Yeah, that’s the conclusion I came away with from the lemmy.ca and endlesstalk.org chats. That’s it due to multiple docker containers. In the LW Matrix room though, an admin said he saw one container send the same activity out 3 times. Also, LW were presumably running multiple containers with 0.18.5, when it didn’t happen, so it maybe that multiple containers is only part of the problem.

SorteKanin@feddit.dk on 08 Apr 2024 07:06 collapse

I’m not surprised that it changed from 0.18.5 as the way that you spread the federation queue out changed significantly from that version to 0.19.

All the information is here but if you just run the same configuration as before 0.19, then you will have trouble.

freamon@lemmy.world on 08 Apr 2024 07:39 collapse

I’m only running one process, I’d assume the problem isn’t happening for Feddit.dk.

Perhaps. The lemmy.ca post has a comment in from the mander.xyz admin who’s only running one, and there’s a new comment in this thread saying mander.xyx is one of the instances they see the most duplicates from.

nutomic@lemmy.ml on 08 Apr 2024 11:08 collapse

Sounds like there might be a bug in Lemmy then. Please open an issue in the Lemmy repo.

freamon@lemmy.world on 08 Apr 2024 14:39 collapse
scrubbles@poptalk.scrubbles.tech on 08 Apr 2024 05:34 next collapse

It’s probably the option call before the actual http call .

developer.mozilla.org/en-US/docs/Web/…/OPTIONS

Don’t think it’s a big unless you can prove it’s the same method

freamon@lemmy.world on 08 Apr 2024 05:38 collapse

We were typing at the same time, it seems. I’ve included more info in a comment above, showing that they were POST requests.

Also, the green terminal is outputting part of the body of for each request, to demonstrate. If they weren’t POST requests to /inbox, my server wouldn’t have even picked up them.

EDIT: by ‘server’ I mean the back-end one, the one nginx is reverse-proxying to.

tedu on 08 Apr 2024 06:58 next collapse

I see the most duplicated activities from programming.dev and mander.xyz, but it happens a lot.

freamon@lemmy.world on 08 Apr 2024 21:34 collapse

I’ve been coerced into reporting it as bug in Lemmy itself - perhaps you could add your own observations here so I seem like less of a crank. Thanks.

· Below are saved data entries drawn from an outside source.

(* Let $A$ be an associative algebra over a field $F$ with $\mathrm{char}(F)\neq 2,3$. If a linear map $T:A\to A$ satisfies $T(x)^3-x^3\in[A,A]$ for every $x\in A$, then $T(x)^2T(y)-x^2y\in[A,A]$ for all $x,y\in A$. Moreover, if $A$ is finite-dimensional and $\ker T\cap\mathrm{rad}(A)=\{0\}$, then $T$ is bijective and $T(M)\subseteq M$ for every maximal ideal $M$ of $A$.
   Context: $[A,A]$ denotes the linear span of all commutators $xy-yx$, $x,y\in A$. For finite-dimensional $A$, $\mathrm{rad}(A)$ is the radical of $A$, i.e. the unique maximal nilpotent ideal (equivalently, the intersection of all maximal ideals). *)

theory Defs
  imports Complex_Main
begin

definition algebra_over :: "('f::field \<Rightarrow> 'a::ring_1 \<Rightarrow> 'a) \<Rightarrow> bool" where
  "algebra_over scale \<longleftrightarrow> Vector_Spaces.vector_space scale \<and>
     (\<forall>c x y. scale c (x * y) = scale c x * y \<and> scale c (x * y) = x * scale c y)"

definition comm_span :: "('f::field \<Rightarrow> 'a::ring_1 \<Rightarrow> 'a) \<Rightarrow> 'a set" where
  "comm_span scale = module.span scale {x * y - y * x | x y. True}"

definition fin_dim_alg :: "('f::field \<Rightarrow> 'a::ring_1 \<Rightarrow> 'a) \<Rightarrow> bool" where
  "fin_dim_alg scale \<longleftrightarrow> (\<exists>B. finite B \<and> module.span scale B = UNIV)"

freamon@lemmy.world on 14 Apr 2024 13:00 collapse

Update: for LW, this behaviour stopped around about Friday 12th April. Not sure what changed, but at least the biggest instance isn’t doing it anymore.

MrKaplan@lemmy.world on 14 Apr 2024 14:08 collapse

we’ve switched from using multiple federation sending containers (which are supposed to split receiving instances across workers) to just using a single one.